TASK:
Whenever a line of the entries below holds the string "Riesz", copy that line and return it.

Collected data:

(* Let $X_o$ be a compact Hausdorff space, $\theta$ a homeomorphism of $X_o$ such that $(X_o,\theta)$ is uniquely ergodic with invariant measure $\mu_o$, $f\in C(X_o;\mathbb{T})$, and $\Phi_{\theta,f}(x,w):=(\theta(x),f(x)w)$ acting on $C(X_o\times\mathbb{T})$ by $h\mapsto h\circ\Phi_{\theta,f}$. Suppose $(C(X_o\times\mathbb{T}),\Phi_{\theta,f})$ is uniquely ergodic with respect to the fixed-point subalgebra and that $C(X_o\times\mathbb{T})^{\Phi_{\theta,f}}\ne\mathbb{C}1$; let $\rho:C(X_o\times\mathbb{T})^{\Phi_{\theta,f}}\to C(\mathbb{T})$ be a $*$-isomorphism, and $E^{\Phi_{\theta,f}}$ the unique $\Phi_{\theta,f}$-invariant conditional expectation of $C(X_o\times\mathbb{T})$ onto $C(X_o\times\mathbb{T})^{\Phi_{\theta,f}}$. Then the map $T(\mu):=\mu\circ\rho\circ E^{\Phi_{\theta,f}}$ is an affine bijection from the set $\mathcal{P}(\mathbb{T})$ of regular Borel probability measures on $\mathbb{T}$ (viewed as states on $C(\mathbb{T})$) onto the set of $\Phi_{\theta,f}$-invariant regular Borel probability measures on $X_o\times\mathbb{T}$.
   Context: A system $(\mathfrak{B},\beta)$ is uniquely ergodic with respect to the fixed-point subalgebra if the Ces\`aro averages $\frac1n\sum_{k=0}^{n-1}\beta^k(x)$ converge in norm for every $x\in\mathfrak{B}$; equivalently every state on $\mathfrak{B}^\beta$ has a unique $\beta$-invariant state extension to $\mathfrak{B}$; in this case the limit defines a $\beta$-invariant conditional expectation onto $\mathfrak{B}^\beta$. Under the hypotheses, the fixed-point subalgebra is $*$-isomorphic to $C(\mathbb{T})$. Measures are identified with states via the Riesz–Markov theorem. *)

theory Defs
  imports "HOL-Analysis.Analysis"
begin

text \<open>C(S): continuous complex functions on S, made canonical by requiring them
  to vanish outside S (so that C(S) is a genuine set of functions).\<close>
definition Cfun :: "'a::topological_space set \<Rightarrow> ('a \<Rightarrow> complex) set" where
  "Cfun S = {h. continuous_on S h \<and> (\<forall>x. x \<notin> S \<longrightarrow> h x = 0)}"

definition unitS :: "'a set \<Rightarrow> 'a \<Rightarrow> complex" where
  "unitS S = (\<lambda>x. if x \<in> S then 1 else 0)"

text \<open>States on C(S) (= regular Borel probability measures on S by Riesz-Markov);
  canonically extended by 0 off C(S).\<close>
definition is_state :: "'a::topological_space set \<Rightarrow> (('a \<Rightarrow> complex) \<Rightarrow> complex) \<Rightarrow> bool" where
  "is_state S \<phi> \<longleftrightarrow>
     (\<forall>h. h \<notin> Cfun S \<longrightarrow> \<phi> h = 0) \<and>
     (\<forall>h\<in>Cfun S. \<forall>g\<in>Cfun S. \<phi> (\<lambda>x. h x + g x) = \<phi> h + \<phi> g) \<and>
     (\<forall>c. \<forall>h\<in>Cfun S. \<phi> (\<lambda>x. c * h x) = c * \<phi> h) \<and>
     (\<forall>h\<in>Cfun S. (\<forall>x\<in>S. Im (h x) = 0 \<and> Re (h x) \<ge> 0) \<longrightarrow> Im (\<phi> h) = 0 \<and> Re (\<phi> h) \<ge> 0) \<and>
     \<phi> (unitS S) = 1"

definition koop :: "'a set \<Rightarrow> ('a \<Rightarrow> 'a) \<Rightarrow> ('a \<Rightarrow> complex) \<Rightarrow> 'a \<Rightarrow> complex" where
  "koop S \<Phi> h = (\<lambda>x. if x \<in> S then h (\<Phi> x) else 0)"

definition invariant_state :: "'a::topological_space set \<Rightarrow> ('a \<Rightarrow> 'a) \<Rightarrow> (('a \<Rightarrow> complex) \<Rightarrow> complex) \<Rightarrow> bool" where
  "invariant_state S \<Phi> \<phi> \<longleftrightarrow> is_state S \<phi> \<and> (\<forall>h\<in>Cfun S. \<phi> (koop S \<Phi> h) = \<phi> h)"

definition uniquely_ergodic :: "'a::topological_space set \<Rightarrow> ('a \<Rightarrow> 'a) \<Rightarrow> bool" where
  "uniquely_ergodic S \<Phi> \<longleftrightarrow> (\<exists>!\<phi>. invariant_state S \<Phi> \<phi>)"

definition fixed_alg :: "'a::topological_space set \<Rightarrow> ('a \<Rightarrow> 'a) \<Rightarrow> ('a \<Rightarrow> complex) set" where
  "fixed_alg S \<Phi> = {h \<in> Cfun S. \<forall>x\<in>S. h (\<Phi> x) = h x}"

definition cesaro :: "'a set \<Rightarrow> ('a \<Rightarrow> 'a) \<Rightarrow> nat \<Rightarrow> ('a \<Rightarrow> complex) \<Rightarrow> 'a \<Rightarrow> complex" where
  "cesaro S \<Phi> n h = (\<lambda>x. if x \<in> S then (\<Sum>k<n. h ((\<Phi> ^^ k) x)) / of_nat n else 0)"

definition UE_fixed :: "'a::topological_space set \<Rightarrow> ('a \<Rightarrow> 'a) \<Rightarrow> bool" where
  "UE_fixed S \<Phi> \<longleftrightarrow> (\<forall>h\<in>Cfun S. \<exists>g. uniform_limit S (\<lambda>n. cesaro S \<Phi> n h) g sequentially)"

definition cond_exp :: "'a::topological_space set \<Rightarrow> ('a \<Rightarrow> 'a) \<Rightarrow> ('a \<Rightarrow> complex) \<Rightarrow> 'a \<Rightarrow> complex" where
  "cond_exp S \<Phi> h = (THE g. g \<in> Cfun S \<and> uniform_limit S (\<lambda>n. cesaro S \<Phi> n h) g sequentially)"

definition star_iso :: "('a \<Rightarrow> complex) set \<Rightarrow> ('b \<Rightarrow> complex) set \<Rightarrow> (('a \<Rightarrow> complex) \<Rightarrow> ('b \<Rightarrow> complex)) \<Rightarrow> bool" where
  "star_iso A B \<rho> \<longleftrightarrow> bij_betw \<rho> A B \<and>
     (\<forall>h\<in>A. \<forall>g\<in>A. \<rho> (\<lambda>x. h x + g x) = (\<lambda>y. \<rho> h y + \<rho> g y)) \<and>
     (\<forall>c. \<forall>h\<in>A. \<rho> (\<lambda>x. c * h x) = (\<lambda>y. c * \<rho> h y)) \<and>
     (\<forall>h\<in>A. \<forall>g\<in>A. \<rho> (\<lambda>x. h x * g x) = (\<lambda>y. \<rho> h y * \<rho> g y)) \<and>
     (\<forall>h\<in>A. \<rho> (\<lambda>x. cnj (h x)) = (\<lambda>y. cnj (\<rho> h y)))"

definition affine_states :: "((('a \<Rightarrow> complex) \<Rightarrow> complex) set) \<Rightarrow> ((('a \<Rightarrow> complex) \<Rightarrow> complex) \<Rightarrow> (('b \<Rightarrow> complex) \<Rightarrow> complex)) \<Rightarrow> bool" where
  "affine_states P T \<longleftrightarrow> (\<forall>\<mu>\<in>P. \<forall>\<nu>\<in>P. \<forall>t::real. 0 \<le> t \<and> t \<le> 1 \<longrightarrow>
      T (\<lambda>h. of_real t * \<mu> h + of_real (1 - t) * \<nu> h) = (\<lambda>h. of_real t * T \<mu> h + of_real (1 - t) * T \<nu> h))"

end

theory Submission
  imports Defs
begin

text \<open>The Cesaro limit E = cond_exp is a positive unital projection of C(S) onto the fixed-point
  algebra which is invariant under the Koopman operator, and every invariant state \<phi> satisfies
  \<phi> \<circ> E = \<phi> (apply \<phi> to the Cesaro averages and pass to the norm limit). Hence the invariant
  states are exactly the states of the fixed-point algebra composed with E. A *-isomorphism
  and its inverse preserve positivity (positive elements are squares of real ones) and the unit,
  so states of the fixed-point algebra correspond bijectively to states of C(T) via \<rho>.\<close>

lemma Cfun_add: "h \<in> Cfun S \<Longrightarrow> g \<in> Cfun S \<Longrightarrow> (\<lambda>x. h x + g x) \<in> Cfun S"
  by (auto simp: Cfun_def intro: continuous_on_add)

lemma Cfun_cmult: "h \<in> Cfun S \<Longrightarrow> (\<lambda>x. c * h x) \<in> Cfun S"
  by (auto simp: Cfun_def intro: continuous_on_mult continuous_on_const)

lemma Cfun_mult: "h \<in> Cfun S \<Longrightarrow> g \<in> Cfun S \<Longrightarrow> (\<lambda>x. h x * g x) \<in> Cfun S"
  by (auto simp: Cfun_def intro: continuous_on_mult)

lemma Cfun_cnj: "h \<in> Cfun S \<Longrightarrow> (\<lambda>x. cnj (h x)) \<in> Cfun S"
  by (auto simp: Cfun_def intro: continuous_intros)

lemma Cfun_zero: "(\<lambda>x. 0) \<in> Cfun S"
  by (auto simp: Cfun_def)

lemma Cfun_unitS: "unitS S \<in> Cfun S"
proof -
  have "continuous_on S (unitS S)"
    by (rule continuous_on_cong[THEN iffD1, OF refl _ continuous_on_const[of S 1]])
       (auto simp: unitS_def)
  then show ?thesis by (auto simp: Cfun_def unitS_def)
qed

lemma Cfun_Re: "h \<in> Cfun S \<Longrightarrow> (\<lambda>x. complex_of_real (Re (h x))) \<in> Cfun S"
  by (auto simp: Cfun_def intro!: continuous_intros)

lemma Cfun_Im: "h \<in> Cfun S \<Longrightarrow> (\<lambda>x. complex_of_real (Im (h x))) \<in> Cfun S"
  by (auto simp: Cfun_def intro!: continuous_intros)

lemma Cfun_sqrt_Re: "h \<in> Cfun S \<Longrightarrow> (\<lambda>x. complex_of_real (sqrt (Re (h x)))) \<in> Cfun S"
  by (auto simp: Cfun_def intro!: continuous_intros)

lemma Cfun_compose:
  assumes "h \<in> Cfun S" "continuous_on S \<Psi>" "\<Psi> ` S \<subseteq> S"
  shows "(\<lambda>x. if x \<in> S then h (\<Psi> x) else 0) \<in> Cfun S"
proof -
  have "continuous_on S (\<lambda>x. h (\<Psi> x))"
    using assms by (intro continuous_on_compose2[of S h _ \<Psi>]) (auto simp: Cfun_def)
  then have "continuous_on S (\<lambda>x. if x \<in> S then h (\<Psi> x) else 0)"
    by (rule continuous_on_cong[THEN iffD1, rotated 2]) auto
  then show ?thesis by (auto simp: Cfun_def)
qed

lemma Cfun_bounded: "compact S \<Longrightarrow> h \<in> Cfun S \<Longrightarrow> \<exists>B\<ge>0. \<forall>x\<in>S. norm (h x) \<le> B"
proof -
  assume "compact S" "h \<in> Cfun S"
  then have "bounded (h ` S)"
    by (intro compact_imp_bounded compact_continuous_image) (auto simp: Cfun_def)
  then obtain B where "\<forall>x\<in>S. norm (h x) \<le> B" by (auto simp: bounded_iff)
  then show ?thesis by (intro exI[of _ "max B 0"]) auto
qed

lemma Cfun_unique_uniform_limit:
  assumes "uniform_limit S F g1 sequentially" "uniform_limit S F g2 sequentially"
    and "g1 \<in> Cfun S" "g2 \<in> Cfun S"
  shows "g1 = g2"
proof
  fix x show "g1 x = g2 x"
  proof (cases "x \<in> S")
    case True
    show ?thesis
      using tendsto_uniform_limitI[OF assms(1) True] tendsto_uniform_limitI[OF assms(2) True]
      by (rule LIMSEQ_unique)
  next
    case False
    then show ?thesis using assms(3,4) by (auto simp: Cfun_def)
  qed
qed

definition star_closed :: "('a \<Rightarrow> complex) set \<Rightarrow> bool" where
  "star_closed A \<longleftrightarrow>
     (\<forall>h\<in>A. \<forall>g\<in>A. (\<lambda>x. h x + g x) \<in> A \<and> (\<lambda>x. h x * g x) \<in> A) \<and>
     (\<forall>c. \<forall>h\<in>A. (\<lambda>x. c * h x) \<in> A) \<and> (\<forall>h\<in>A. (\<lambda>x. cnj (h x)) \<in> A)"

lemma star_closed_fixed_alg: "star_closed (fixed_alg S \<Phi>)"
  by (simp add: star_closed_def fixed_alg_def Cfun_add Cfun_mult Cfun_cmult Cfun_cnj)

lemma fixed_alg_sqrt_Re:
  "h \<in> fixed_alg S \<Phi> \<Longrightarrow> (\<lambda>x. complex_of_real (sqrt (Re (h x)))) \<in> fixed_alg S \<Phi>"
  by (simp add: fixed_alg_def Cfun_sqrt_Re)

lemma star_iso_inv:
  assumes iso: "star_iso A B \<rho>" and closed: "star_closed A"
  shows "star_iso B A (inv_into A \<rho>)"
proof -
  have bij: "bij_betw \<rho> A B" using iso by (simp add: star_iso_def)
  let ?r = "inv_into A \<rho>"
  have r_in: "?r g \<in> A" and \<rho>_r: "\<rho> (?r g) = g" if "g \<in> B" for g
    using that bij by (auto simp: bij_betw_def inv_into_into f_inv_into_f)
  have r_eq: "?r g = k" if "k \<in> A" "\<rho> k = g" for g k
    using that bij by (auto simp: bij_betw_def intro: inv_into_f_eq)
  show ?thesis
    unfolding star_iso_def
  proof (intro conjI ballI allI)
    show "bij_betw ?r B A" by (rule bij_betw_inv_into[OF bij])
  next
    fix g1 g2 assume "g1 \<in> B" "g2 \<in> B"
    then show "?r (\<lambda>y. g1 y + g2 y) = (\<lambda>x. ?r g1 x + ?r g2 x)"
      and "?r (\<lambda>y. g1 y * g2 y) = (\<lambda>x. ?r g1 x * ?r g2 x)"
      using iso closed r_in \<rho>_r by (auto intro!: r_eq simp: star_iso_def star_closed_def)
  next
    fix c g assume "g \<in> B"
    then show "?r (\<lambda>y. c * g y) = (\<lambda>x. c * ?r g x)"
      using iso closed r_in \<rho>_r by (auto intro!: r_eq simp: star_iso_def star_closed_def)
  next
    fix g assume "g \<in> B"
    then show "?r (\<lambda>y. cnj (g y)) = (\<lambda>x. cnj (?r g x))"
      using iso closed r_in \<rho>_r by (auto intro!: r_eq simp: star_iso_def star_closed_def)
  qed
qed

THE ANSWER:
   Context: A system $(\mathfrak{B},\beta)$ is uniquely ergodic with respect to the fixed-point subalgebra if the Ces\`aro averages $\frac1n\sum_{k=0}^{n-1}\beta^k(x)$ converge in norm for every $x\in\mathfrak{B}$; equivalently every state on $\mathfrak{B}^\beta$ has a unique $\beta$-invariant state extension to $\mathfrak{B}$; in this case the limit defines a $\beta$-invariant conditional expectation onto $\mathfrak{B}^\beta$. Under the hypotheses, the fixed-point subalgebra is $*$-isomorphic to $C(\mathbb{T})$. Measures are identified with states via the Riesz–Markov theorem. *)
text \<open>States on C(S) (= regular Borel probability measures on S by Riesz-Markov);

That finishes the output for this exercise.